And Here Come my Ancestors! Indian Hunters of Pennsyltucky! Seriously though, the Quakers weren't as pure as driven snow. The reason the Quakers were ousted out of power in Pennsylvania was because of those Indians. When the tribes were killing Germans on the frontier, the government wouldnt sent out any help to the settlers. The Quaker towns were all in the east around Philly so they didn't do anything while the Germans were being burnt out of their homes. Eventually us Scotsmen had to be called in to clear out the Indians and we did. It severely damaged the relationship between the Germans and the Quakers and is the real reason for the capital of Pennsylvania being in Harrisburg, the Germans wanted the state focus away from the Quakers.
Well the Quakers weren't as pure as driven snow, but your example thereof is pretty terrible. The Penn family encroachments on Indian lands up the Delaware would have been a much better example, or the interlude in which they were involved in the slave trade. Your actual argument amounts to "Group A was nonviolent, Group B was violent, so thank heaven Group C was there to kill them."
If we assume you are 100% correct on the facts, all that does is indicate the impracticality of nonviolence. One group gives up violence, and neighboring groups incompletely follow suit. Okay. It is hardly news. That's the default opinion of most people in the world. It certainly isn't an indication of "impurity."
However, where are these "facts" coming from? You make it sound like the Scots-Irish were waiting off in the wings, then came in to save the day once the Quakers - slouching in their ivory tower while helpless Germans were slaughtered - had clearly failed.
In point of fact the Scots-Irish were already living further out on the frontier than the Germans, in part because they already wanted no part of the Quakers enlightened policies. In fact, they were initiating some of the conflicts with the tribes that were then spilling further into the province to burn those German homes. And much of the violence they were not responsible for might have been avoidable if they had been toeing the line - certainly Indian attacks were not a problem from the more easterly tribes that were treated according to Pennsylvania's admittedly weird Indian policy.
I'm curious. Would you consider the "clearing out" of Lancaster in 1763 as being part of the necessary good work the Scotsmen did to protect Pennsylvania's Germans? Is the march on Philadelphia to demand that the government offer bounties on Indian scalps something you would justify? And if it was about the Germans rejecting the Quakers, how would you explain the fact that those marchers were Scottish with a leavening of Englishmen? Why did much of the province's Germans abandon all participation in government once the Quakers lost power, and why do their ancestors still largely abstain from politics?

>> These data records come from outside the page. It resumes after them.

lemma has_dps_expansion_laplacian_limit:
  assumes R: "has_dps_expansion \<psi> y a \<rho>" and y: "y islimpt \<Omega>"
    and lap: "\<And>p. p \<in> \<Omega> \<Longrightarrow> laplacian \<psi> p = F (\<psi> p)" and F: "isCont F (\<psi> y)"
  shows "2 * (a (2,0) + a (0,2)) = F (\<psi> y)"
proof -
  have "isCont \<psi> y" using has_dps_expansion_has_derivative[OF R] has_derivative_continuous by blast
  then have "isCont (\<lambda>p. F (\<psi> p)) y" using F by (rule isCont_o2)
  then have "((\<lambda>p. F (\<psi> p)) \<longlongrightarrow> F (\<psi> y)) (at y within \<Omega>)"
    unfolding isCont_def by (rule tendsto_within_subset) simp
  then have "(laplacian \<psi> \<longlongrightarrow> F (\<psi> y)) (at y within \<Omega>)"
    by (rule Lim_transform_within[of _ _ _ _ 1]) (auto simp: lap)
  moreover have "(laplacian \<psi> \<longlongrightarrow> 2 * (a (2,0) + a (0,2))) (at y within \<Omega>)"
    using has_dps_expansion_laplacian_tendsto[OF R] by (rule tendsto_within_subset) simp
  moreover have "at y within \<Omega> \<noteq> bot" using y by (simp add: trivial_limit_within)
  ultimately show ?thesis using tendsto_unique by blast
qed

section \<open>Geometry of a nearest boundary point\<close>

lemma ball_subset_if_frontier_far:
  fixes x :: "'a::real_normed_vector"
  assumes "x \<in> S" and far: "\<And>w. w \<in> frontier S \<Longrightarrow> d \<le> dist x w"
  shows "ball x d \<subseteq> S"
proof (rule ccontr)
  assume out: "\<not> ball x d \<subseteq> S"
  then obtain w where "w \<in> ball x d" by blast
  then have "x \<in> ball x d" by (auto intro: le_less_trans[OF zero_le_dist])
  then have "ball x d \<inter> frontier S \<noteq> {}"
    using connected_Int_frontier[OF connected_ball, of x d S] \<open>x \<in> S\<close> out by blast
  then show False using far by fastforce
qed

lemma dist_point_on_segment_less:
  fixes x y :: "'a::real_normed_vector"
  assumes "t \<in> {0<..<1}" and "x \<noteq> y"
  shows "dist x (y + t *\<^sub>R (x - y)) < dist x y"
proof -
  have "x - (y + t *\<^sub>R (x - y)) = (1 - t) *\<^sub>R (x - y)" by (simp add: algebra_simps)
  then have "dist x (y + t *\<^sub>R (x - y)) = (1 - t) * dist x y" using assms by (simp add: dist_norm)
  also have "\<dots> < dist x y" using assms by (auto simp: mult_less_cancel_right2)
  finally show ?thesis .
qed

lemma nearest_point_orthogonal_tangent:
  fixes \<gamma> :: "real \<Rightarrow> real \<times> real"
  assumes \<gamma>: "(\<gamma> has_vector_derivative \<tau>) (at t0)" and near: "\<And>t. dist x (\<gamma> t0) \<le> dist x (\<gamma> t)"
  shows "(fst x - fst (\<gamma> t0)) * fst \<tau> + (snd x - snd (\<gamma> t0)) * snd \<tau> = 0"
proof -
  define f where "f = (\<lambda>t. (fst (\<gamma> t) - fst x)\<^sup>2 + (snd (\<gamma> t) - snd x)\<^sup>2)"
  have df: "(f has_real_derivative
      2 * (fst (\<gamma> t0) - fst x) * fst \<tau> + 2 * (snd (\<gamma> t0) - snd x) * snd \<tau>) (at t0)"
    unfolding f_def using has_vector_derivative_fst_snd[OF \<gamma>]
    by (auto intro!: derivative_eq_intros simp: algebra_simps)
  have f_dist: "f t = (dist x (\<gamma> t))\<^sup>2" for t
  proof -
    have "(dist x (\<gamma> t))\<^sup>2 = (dist (fst x) (fst (\<gamma> t)))\<^sup>2 + (dist (snd x) (snd (\<gamma> t)))\<^sup>2"
      using dist_Pair_Pair[of "fst x" "snd x" "fst (\<gamma> t)" "snd (\<gamma> t)"] by simp
    then show ?thesis by (simp add: f_def dist_real_def power2_commute)
  qed
  have "f t0 \<le> f t" for t
    unfolding f_dist using near[of t] by (simp add: power_mono)
  then have "2 * (fst (\<gamma> t0) - fst x) * fst \<tau> + 2 * (snd (\<gamma> t0) - snd x) * snd \<tau> = 0"
    by (intro DERIV_local_min[OF df, of 1]) auto
  then show ?thesis by (simp add: algebra_simps)
qed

And every province suffered Indian attacks, but because they also happened in Pennsylvania this was a sign the Quakers were at fault? Why did Pennsylvania on several occasions go free of Indian attacks (or nearly so) while the same tribes were raiding adjacent provinces during the early Anglo-French wars?
I've got nothing against you or anyone valuing Scotch-Irish heritage. But when it comes to "It was a good thing we were their to get rid of the native peoples," I can't help but disagree. And when you ignore the role the Quakers had in minimizing frontier violence (ultimately a failure, I admit) as well as the role that the frontier folk had in exacerbating it....
Well, it's not a very honest standard of debate.